What you will do:
Copy out the records that follow, leaving every character as it is.

Exercise data:
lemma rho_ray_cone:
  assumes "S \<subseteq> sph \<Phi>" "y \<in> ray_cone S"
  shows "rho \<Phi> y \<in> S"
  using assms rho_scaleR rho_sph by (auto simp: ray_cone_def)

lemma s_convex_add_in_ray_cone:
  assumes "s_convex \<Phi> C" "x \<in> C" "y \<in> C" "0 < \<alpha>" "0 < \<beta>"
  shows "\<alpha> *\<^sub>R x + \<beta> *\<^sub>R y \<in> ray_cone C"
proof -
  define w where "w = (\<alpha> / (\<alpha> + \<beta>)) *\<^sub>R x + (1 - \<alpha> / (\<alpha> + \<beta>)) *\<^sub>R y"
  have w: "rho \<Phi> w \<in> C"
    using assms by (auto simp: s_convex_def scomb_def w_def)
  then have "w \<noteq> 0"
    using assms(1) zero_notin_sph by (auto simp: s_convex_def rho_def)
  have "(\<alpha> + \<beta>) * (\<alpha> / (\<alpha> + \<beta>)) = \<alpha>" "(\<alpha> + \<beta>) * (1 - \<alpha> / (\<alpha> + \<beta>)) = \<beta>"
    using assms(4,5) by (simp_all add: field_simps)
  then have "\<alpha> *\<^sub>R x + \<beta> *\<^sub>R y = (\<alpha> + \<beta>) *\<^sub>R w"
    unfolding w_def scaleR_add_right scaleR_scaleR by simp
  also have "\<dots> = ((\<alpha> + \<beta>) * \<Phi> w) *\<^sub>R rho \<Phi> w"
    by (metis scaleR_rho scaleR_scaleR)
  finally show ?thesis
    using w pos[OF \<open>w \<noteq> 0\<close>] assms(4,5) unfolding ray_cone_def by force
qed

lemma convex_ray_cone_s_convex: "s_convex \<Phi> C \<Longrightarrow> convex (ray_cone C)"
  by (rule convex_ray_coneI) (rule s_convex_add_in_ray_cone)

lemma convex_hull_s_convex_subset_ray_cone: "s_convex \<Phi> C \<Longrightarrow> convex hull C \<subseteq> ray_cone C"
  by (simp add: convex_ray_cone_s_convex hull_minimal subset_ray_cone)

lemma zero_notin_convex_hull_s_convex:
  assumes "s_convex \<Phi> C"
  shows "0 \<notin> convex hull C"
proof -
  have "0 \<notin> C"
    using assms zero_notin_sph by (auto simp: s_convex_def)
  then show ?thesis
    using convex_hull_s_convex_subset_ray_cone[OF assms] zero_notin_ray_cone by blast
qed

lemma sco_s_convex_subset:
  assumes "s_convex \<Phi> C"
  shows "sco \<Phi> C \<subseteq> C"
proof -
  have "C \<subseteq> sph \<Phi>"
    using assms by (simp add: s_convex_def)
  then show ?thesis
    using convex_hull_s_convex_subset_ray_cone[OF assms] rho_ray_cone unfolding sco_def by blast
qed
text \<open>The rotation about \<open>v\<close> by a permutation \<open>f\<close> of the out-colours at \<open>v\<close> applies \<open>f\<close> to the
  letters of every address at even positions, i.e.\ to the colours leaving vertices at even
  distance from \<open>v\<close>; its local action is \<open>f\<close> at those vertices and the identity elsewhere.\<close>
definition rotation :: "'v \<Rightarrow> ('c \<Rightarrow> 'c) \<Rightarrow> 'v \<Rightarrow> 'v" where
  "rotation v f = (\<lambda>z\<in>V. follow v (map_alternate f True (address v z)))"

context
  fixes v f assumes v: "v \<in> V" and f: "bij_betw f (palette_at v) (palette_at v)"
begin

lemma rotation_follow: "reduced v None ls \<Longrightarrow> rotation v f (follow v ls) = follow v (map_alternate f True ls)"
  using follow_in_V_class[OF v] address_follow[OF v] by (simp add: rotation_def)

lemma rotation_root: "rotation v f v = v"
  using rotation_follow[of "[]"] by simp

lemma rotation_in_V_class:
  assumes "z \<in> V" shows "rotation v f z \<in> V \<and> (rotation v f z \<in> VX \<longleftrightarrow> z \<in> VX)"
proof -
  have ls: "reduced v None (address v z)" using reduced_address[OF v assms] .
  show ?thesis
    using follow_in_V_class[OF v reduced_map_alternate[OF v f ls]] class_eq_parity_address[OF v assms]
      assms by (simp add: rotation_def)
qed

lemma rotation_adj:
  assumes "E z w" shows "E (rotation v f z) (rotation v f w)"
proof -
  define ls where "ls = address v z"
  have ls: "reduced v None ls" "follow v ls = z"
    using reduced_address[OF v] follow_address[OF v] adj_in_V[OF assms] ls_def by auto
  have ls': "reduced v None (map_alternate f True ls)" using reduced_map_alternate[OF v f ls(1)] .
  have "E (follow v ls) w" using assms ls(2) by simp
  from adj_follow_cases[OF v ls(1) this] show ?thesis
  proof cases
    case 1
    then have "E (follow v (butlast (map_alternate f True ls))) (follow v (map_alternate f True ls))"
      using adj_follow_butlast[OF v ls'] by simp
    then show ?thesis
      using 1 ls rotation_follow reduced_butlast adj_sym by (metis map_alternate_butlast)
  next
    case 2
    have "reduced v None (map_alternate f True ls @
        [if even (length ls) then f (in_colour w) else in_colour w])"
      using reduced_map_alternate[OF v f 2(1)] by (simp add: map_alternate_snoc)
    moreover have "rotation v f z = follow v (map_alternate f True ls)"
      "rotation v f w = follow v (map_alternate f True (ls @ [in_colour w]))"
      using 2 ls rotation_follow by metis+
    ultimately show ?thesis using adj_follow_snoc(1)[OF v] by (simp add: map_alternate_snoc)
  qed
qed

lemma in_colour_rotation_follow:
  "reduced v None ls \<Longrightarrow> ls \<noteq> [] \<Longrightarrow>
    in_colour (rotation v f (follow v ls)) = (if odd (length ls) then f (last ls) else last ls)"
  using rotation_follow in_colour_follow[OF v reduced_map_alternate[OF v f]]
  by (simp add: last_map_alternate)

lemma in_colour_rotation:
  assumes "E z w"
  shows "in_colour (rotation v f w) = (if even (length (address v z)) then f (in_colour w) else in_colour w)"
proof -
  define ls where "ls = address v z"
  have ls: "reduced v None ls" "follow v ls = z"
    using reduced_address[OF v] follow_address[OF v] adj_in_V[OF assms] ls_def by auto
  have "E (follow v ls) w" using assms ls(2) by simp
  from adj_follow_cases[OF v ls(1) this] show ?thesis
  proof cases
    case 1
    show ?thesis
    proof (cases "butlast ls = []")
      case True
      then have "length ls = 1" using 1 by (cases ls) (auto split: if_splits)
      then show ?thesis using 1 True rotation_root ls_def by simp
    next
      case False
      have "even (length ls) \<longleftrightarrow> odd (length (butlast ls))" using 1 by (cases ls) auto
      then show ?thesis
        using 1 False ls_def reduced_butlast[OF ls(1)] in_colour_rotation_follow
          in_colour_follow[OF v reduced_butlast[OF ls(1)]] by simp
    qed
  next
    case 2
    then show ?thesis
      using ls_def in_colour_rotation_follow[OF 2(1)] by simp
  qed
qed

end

Reply:
lemma rho_ray_cone:
  assumes "S \<subseteq> sph \<Phi>" "y \<in> ray_cone S"
  shows "rho \<Phi> y \<in> S"
  using assms rho_scaleR rho_sph by (auto simp: ray_cone_def)

lemma s_convex_add_in_ray_cone:
  assumes "s_convex \<Phi> C" "x \<in> C" "y \<in> C" "0 < \<alpha>" "0 < \<beta>"
  shows "\<alpha> *\<^sub>R x + \<beta> *\<^sub>R y \<in> ray_cone C"
proof -
  define w where "w = (\<alpha> / (\<alpha> + \<beta>)) *\<^sub>R x + (1 - \<alpha> / (\<alpha> + \<beta>)) *\<^sub>R y"
  have w: "rho \<Phi> w \<in> C"
    using assms by (auto simp: s_convex_def scomb_def w_def)
  then have "w \<noteq> 0"
    using assms(1) zero_notin_sph by (auto simp: s_convex_def rho_def)
  have "(\<alpha> + \<beta>) * (\<alpha> / (\<alpha> + \<beta>)) = \<alpha>" "(\<alpha> + \<beta>) * (1 - \<alpha> / (\<alpha> + \<beta>)) = \<beta>"
    using assms(4,5) by (simp_all add: field_simps)
  then have "\<alpha> *\<^sub>R x + \<beta> *\<^sub>R y = (\<alpha> + \<beta>) *\<^sub>R w"
    unfolding w_def scaleR_add_right scaleR_scaleR by simp
  also have "\<dots> = ((\<alpha> + \<beta>) * \<Phi> w) *\<^sub>R rho \<Phi> w"
    by (metis scaleR_rho scaleR_scaleR)
  finally show ?thesis
    using w pos[OF \<open>w \<noteq> 0\<close>] assms(4,5) unfolding ray_cone_def by force
qed

lemma convex_ray_cone_s_convex: "s_convex \<Phi> C \<Longrightarrow> convex (ray_cone C)"
  by (rule convex_ray_coneI) (rule s_convex_add_in_ray_cone)

lemma convex_hull_s_convex_subset_ray_cone: "s_convex \<Phi> C \<Longrightarrow> convex hull C \<subseteq> ray_cone C"
  by (simp add: convex_ray_cone_s_convex hull_minimal subset_ray_cone)

lemma zero_notin_convex_hull_s_convex:
  assumes "s_convex \<Phi> C"
  shows "0 \<notin> convex hull C"
proof -
  have "0 \<notin> C"
    using assms zero_notin_sph by (auto simp: s_convex_def)
  then show ?thesis
    using convex_hull_s_convex_subset_ray_cone[OF assms] zero_notin_ray_cone by blast
qed

lemma sco_s_convex_subset:
  assumes "s_convex \<Phi> C"
  shows "sco \<Phi> C \<subseteq> C"
proof -
  have "C \<subseteq> sph \<Phi>"
    using assms by (simp add: s_convex_def)
  then show ?thesis
    using convex_hull_s_convex_subset_ray_cone[OF assms] rho_ray_cone unfolding sco_def by blast
qed
text \<open>The rotation about \<open>v\<close> by a permutation \<open>f\<close> of the out-colours at \<open>v\<close> applies \<open>f\<close> to the
  letters of every address at even positions, i.e.\ to the colours leaving vertices at even
  distance from \<open>v\<close>; its local action is \<open>f\<close> at those vertices and the identity elsewhere.\<close>
definition rotation :: "'v \<Rightarrow> ('c \<Rightarrow> 'c) \<Rightarrow> 'v \<Rightarrow> 'v" where
  "rotation v f = (\<lambda>z\<in>V. follow v (map_alternate f True (address v z)))"

context
  fixes v f assumes v: "v \<in> V" and f: "bij_betw f (palette_at v) (palette_at v)"
begin

lemma rotation_follow: "reduced v None ls \<Longrightarrow> rotation v f (follow v ls) = follow v (map_alternate f True ls)"
  using follow_in_V_class[OF v] address_follow[OF v] by (simp add: rotation_def)

lemma rotation_root: "rotation v f v = v"
  using rotation_follow[of "[]"] by simp

lemma rotation_in_V_class:
  assumes "z \<in> V" shows "rotation v f z \<in> V \<and> (rotation v f z \<in> VX \<longleftrightarrow> z \<in> VX)"
proof -
  have ls: "reduced v None (address v z)" using reduced_address[OF v assms] .
  show ?thesis
    using follow_in_V_class[OF v reduced_map_alternate[OF v f ls]] class_eq_parity_address[OF v assms]
      assms by (simp add: rotation_def)
qed

lemma rotation_adj:
  assumes "E z w" shows "E (rotation v f z) (rotation v f w)"
proof -
  define ls where "ls = address v z"
  have ls: "reduced v None ls" "follow v ls = z"
    using reduced_address[OF v] follow_address[OF v] adj_in_V[OF assms] ls_def by auto
  have ls': "reduced v None (map_alternate f True ls)" using reduced_map_alternate[OF v f ls(1)] .
  have "E (follow v ls) w" using assms ls(2) by simp
  from adj_follow_cases[OF v ls(1) this] show ?thesis
  proof cases
    case 1
    then have "E (follow v (butlast (map_alternate f True ls))) (follow v (map_alternate f True ls))"
      using adj_follow_butlast[OF v ls'] by simp
    then show ?thesis
      using 1 ls rotation_follow reduced_butlast adj_sym by (metis map_alternate_butlast)
  next
    case 2
    have "reduced v None (map_alternate f True ls @
        [if even (length ls) then f (in_colour w) else in_colour w])"
      using reduced_map_alternate[OF v f 2(1)] by (simp add: map_alternate_snoc)
    moreover have "rotation v f z = follow v (map_alternate f True ls)"
      "rotation v f w = follow v (map_alternate f True (ls @ [in_colour w]))"
      using 2 ls rotation_follow by metis+
    ultimately show ?thesis using adj_follow_snoc(1)[OF v] by (simp add: map_alternate_snoc)
  qed
qed

lemma in_colour_rotation_follow:
  "reduced v None ls \<Longrightarrow> ls \<noteq> [] \<Longrightarrow>
    in_colour (rotation v f (follow v ls)) = (if odd (length ls) then f (last ls) else last ls)"
  using rotation_follow in_colour_follow[OF v reduced_map_alternate[OF v f]]
  by (simp add: last_map_alternate)

lemma in_colour_rotation:
  assumes "E z w"
  shows "in_colour (rotation v f w) = (if even (length (address v z)) then f (in_colour w) else in_colour w)"
proof -
  define ls where "ls = address v z"
  have ls: "reduced v None ls" "follow v ls = z"
    using reduced_address[OF v] follow_address[OF v] adj_in_V[OF assms] ls_def by auto
  have "E (follow v ls) w" using assms ls(2) by simp
  from adj_follow_cases[OF v ls(1) this] show ?thesis
  proof cases
    case 1
    show ?thesis
    proof (cases "butlast ls = []")
      case True
      then have "length ls = 1" using 1 by (cases ls) (auto split: if_splits)
      then show ?thesis using 1 True rotation_root ls_def by simp
    next
      case False
      have "even (length ls) \<longleftrightarrow> odd (length (butlast ls))" using 1 by (cases ls) auto
      then show ?thesis
        using 1 False ls_def reduced_butlast[OF ls(1)] in_colour_rotation_follow
          in_colour_follow[OF v reduced_butlast[OF ls(1)]] by simp
    qed
  next
    case 2
    then show ?thesis
      using ls_def in_colour_rotation_follow[OF 2(1)] by simp
  qed
qed

end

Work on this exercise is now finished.